(Stored data entries)
* * * * *

lemma (in prob_space) integral_ge_of_step_inequality:
  fixes D A' B' A B V R :: "'a \<Rightarrow> real"
  assumes step: "\<And>\<omega>. \<omega> \<in> space M \<Longrightarrow>
      c' * A' \<omega> + d * B' \<omega> - c * A \<omega> - d * B \<omega> - (K + V \<omega>) / p + R \<omega> \<le> D \<omega>"
    and int: "integrable M D" "integrable M A'" "integrable M B'" "integrable M A" "integrable M B"
      "integrable M V" "integrable M R"
    and V: "(\<integral>\<omega>. V \<omega> \<partial>M) \<le> v" and R: "(\<integral>\<omega>. R \<omega> \<partial>M) = 0" and p: "0 < p"
  shows "c' * (\<integral>\<omega>. A' \<omega> \<partial>M) + d * (\<integral>\<omega>. B' \<omega> \<partial>M) - c * (\<integral>\<omega>. A \<omega> \<partial>M) - d * (\<integral>\<omega>. B \<omega> \<partial>M)
      - (K + v) / p \<le> (\<integral>\<omega>. D \<omega> \<partial>M)"
proof -
  have "(K + (\<integral>\<omega>. V \<omega> \<partial>M)) / p \<le> (K + v) / p" using V p by (simp add: divide_right_mono)
  moreover have "(\<integral>\<omega>. c' * A' \<omega> + d * B' \<omega> - c * A \<omega> - d * B \<omega> - (K + V \<omega>) / p + R \<omega> \<partial>M)
      = c' * (\<integral>\<omega>. A' \<omega> \<partial>M) + d * (\<integral>\<omega>. B' \<omega> \<partial>M) - c * (\<integral>\<omega>. A \<omega> \<partial>M) - d * (\<integral>\<omega>. B \<omega> \<partial>M)
        - (K + (\<integral>\<omega>. V \<omega> \<partial>M)) / p"
    using int R by (simp add: prob_space add_divide_distrib)
  moreover have "(\<integral>\<omega>. c' * A' \<omega> + d * B' \<omega> - c * A \<omega> - d * B \<omega> - (K + V \<omega>) / p + R \<omega> \<partial>M)
      \<le> (\<integral>\<omega>. D \<omega> \<partial>M)"
    using int step by (intro integral_mono) auto
  ultimately show ?thesis by linarith
qed

primrec sample_iterate :: "(nat \<Rightarrow> 'c \<Rightarrow> 'b \<Rightarrow> 'c) \<Rightarrow> 'c \<Rightarrow> nat \<Rightarrow> (nat \<Rightarrow> 'b) \<Rightarrow> 'c" where
  "sample_iterate T c 0 w = c"
| "sample_iterate T c (Suc n) w = T n (sample_iterate T c n w) (w n)"

lemma sample_iterate_restrict:
  "n \<le> m \<Longrightarrow> sample_iterate T c n (restrict w {..<m}) = sample_iterate T c n w"
  by (induction n) auto

lemma measurable_sample_iterate:
  assumes T: "\<And>n. (\<lambda>(p, e). T n p e) \<in> measurable (borel \<Otimes>\<^sub>M N) borel"
    and "n \<le> m"
  shows "sample_iterate T c n \<in> measurable (PiM {..<m} (\<lambda>_. N)) borel"
  using \<open>n \<le> m\<close>
proof (induction n)
  case 0
  show ?case by simp
next
  case (Suc n)
  then have [measurable]: "sample_iterate T c n \<in> measurable (PiM {..<m} (\<lambda>_. N)) borel"
    by simp
  have "(\<lambda>w. (sample_iterate T c n w, w n)) \<in> measurable (PiM {..<m} (\<lambda>_. N)) (borel \<Otimes>\<^sub>M N)"
    using Suc.prems by (intro measurable_Pair measurable_component_singleton) auto
  from measurable_compose[OF this T] show ?case by simp
qed

lemma (in prob_space) recursive_process_independent_of_next_sample:
  fixes z :: "nat \<Rightarrow> 'a \<Rightarrow> 'c::topological_space" and \<xi> :: "nat \<Rightarrow> 'a \<Rightarrow> 'e"
    and h :: "'c \<Rightarrow> 'f::topological_space"
  assumes \<xi>: "\<And>n. \<xi> n \<in> measurable M N" and ind: "indep_vars (\<lambda>_. N) \<xi> UNIV"
    and T: "\<And>n. (\<lambda>(p, e). T n p e) \<in> measurable (borel \<Otimes>\<^sub>M N) borel"
    and z0: "\<And>\<omega>. z 0 \<omega> = c" and zS: "\<And>n \<omega>. z (Suc n) \<omega> = T n (z n \<omega>) (\<xi> n \<omega>)"
    and h[measurable]: "h \<in> borel_measurable borel"
  shows "(\<lambda>\<omega>. h (z n \<omega>)) \<in> borel_measurable M"
    and "distr M (borel \<Otimes>\<^sub>M N) (\<lambda>\<omega>. (h (z k \<omega>), \<xi> k \<omega>))
      = distr M borel (\<lambda>\<omega>. h (z k \<omega>)) \<Otimes>\<^sub>M distr M N (\<xi> k)"
proof -
  define W where "W A \<omega> = restrict (\<lambda>i. \<xi> i \<omega>) A" for A \<omega>
  have z_eq: "(\<lambda>\<omega>. h (z n \<omega>)) = (h \<circ> sample_iterate T c n) \<circ> W {..<n}" for n
  proof -
    have "z n \<omega> = sample_iterate T c n (\<lambda>i. \<xi> i \<omega>)" for \<omega>
      by (induction n) (simp_all add: z0 zS)
    then show ?thesis by (simp add: W_def fun_eq_iff sample_iterate_restrict)
  qed
  have \<xi>_eq: "\<xi> k = (\<lambda>w. w k) \<circ> W {k}" by (simp add: W_def fun_eq_iff)
  have [measurable]: "W A \<in> measurable M (PiM A (\<lambda>_. N))" for A
    unfolding W_def using \<xi> by measurable
  have [measurable]: "h \<circ> sample_iterate T c n \<in> measurable (PiM {..<n} (\<lambda>_. N)) borel" for n
    using measurable_sample_iterate[OF T order_refl] by (simp add: comp_def)
  have [measurable]: "(\<lambda>w. w k) \<in> measurable (PiM {k} (\<lambda>_. N)) N"
    by (rule measurable_component_singleton) simp
  show "(\<lambda>\<omega>. h (z n \<omega>)) \<in> borel_measurable M" unfolding z_eq by measurable
  let ?S = "PiM {..<k} (\<lambda>_. N)" and ?T = "PiM {k} (\<lambda>_. N)"
  have "indep_var ?S (W {..<k}) ?T (W {k})"
    unfolding W_def by (rule indep_var_restrict[OF ind]) auto
  then have joint: "distr M ?S (W {..<k}) \<Otimes>\<^sub>M distr M ?T (W {k})
      = distr M (?S \<Otimes>\<^sub>M ?T) (\<lambda>\<omega>. (W {..<k} \<omega>, W {k} \<omega>))"
    unfolding indep_var_distribution_eq by blast
  interpret PW: prob_space "distr M ?T (W {k})" by (rule prob_space_distr) measurable
  have "distr M borel (\<lambda>\<omega>. h (z k \<omega>)) \<Otimes>\<^sub>M distr M N (\<xi> k)
      = distr (distr M ?S (W {..<k})) borel (h \<circ> sample_iterate T c k) \<Otimes>\<^sub>M distr (distr M ?T (W {k})) N (\<lambda>w. w k)"
    unfolding z_eq \<xi>_eq by (simp add: distr_distr)
  also have "\<dots> = distr (distr M (?S \<Otimes>\<^sub>M ?T) (\<lambda>\<omega>. (W {..<k} \<omega>, W {k} \<omega>))) (borel \<Otimes>\<^sub>M N)
      (\<lambda>(a, b). ((h \<circ> sample_iterate T c k) a, b k))"
    unfolding joint[symmetric]
    by (rule pair_measure_distr) (simp_all add: prob_space_imp_sigma_finite PW.prob_space_distr)
  also have "\<dots> = distr M (borel \<Otimes>\<^sub>M N)
      ((\<lambda>(a, b). ((h \<circ> sample_iterate T c k) a, b k)) \<circ> (\<lambda>\<omega>. (W {..<k} \<omega>, W {k} \<omega>)))"
    by (rule distr_distr) measurable
  also have "(\<lambda>(a, b). ((h \<circ> sample_iterate T c k) a, b k)) \<circ> (\<lambda>\<omega>. (W {..<k} \<omega>, W {k} \<omega>))
      = (\<lambda>\<omega>. (h (z k \<omega>), \<xi> k \<omega>))"
    using z_eq[of k] \<xi>_eq by (simp add: fun_eq_iff)
  finally show "distr M (borel \<Otimes>\<^sub>M N) (\<lambda>\<omega>. (h (z k \<omega>), \<xi> k \<omega>))
      = distr M borel (\<lambda>\<omega>. h (z k \<omega>)) \<Otimes>\<^sub>M distr M N (\<xi> k)" ..
qed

* * * * *

Task to carry out — Your answer should consist only of the lines above between the line holding "using \<open>n \<le> m\<close>" and the line holding "z 0 \<omega>", inclusive, each transcribed exactly.

Task answer —
  using \<open>n \<le> m\<close>
proof (induction n)
  case 0
  show ?case by simp
next
  case (Suc n)
  then have [measurable]: "sample_iterate T c n \<in> measurable (PiM {..<m} (\<lambda>_. N)) borel"
    by simp
  have "(\<lambda>w. (sample_iterate T c n w, w n)) \<in> measurable (PiM {..<m} (\<lambda>_. N)) (borel \<Otimes>\<^sub>M N)"
    using Suc.prems by (intro measurable_Pair measurable_component_singleton) auto
  from measurable_compose[OF this T] show ?case by simp
qed

lemma (in prob_space) recursive_process_independent_of_next_sample:
  fixes z :: "nat \<Rightarrow> 'a \<Rightarrow> 'c::topological_space" and \<xi> :: "nat \<Rightarrow> 'a \<Rightarrow> 'e"
    and h :: "'c \<Rightarrow> 'f::topological_space"
  assumes \<xi>: "\<And>n. \<xi> n \<in> measurable M N" and ind: "indep_vars (\<lambda>_. N) \<xi> UNIV"
    and T: "\<And>n. (\<lambda>(p, e). T n p e) \<in> measurable (borel \<Otimes>\<^sub>M N) borel"
    and z0: "\<And>\<omega>. z 0 \<omega> = c" and zS: "\<And>n \<omega>. z (Suc n) \<omega> = T n (z n \<omega>) (\<xi> n \<omega>)"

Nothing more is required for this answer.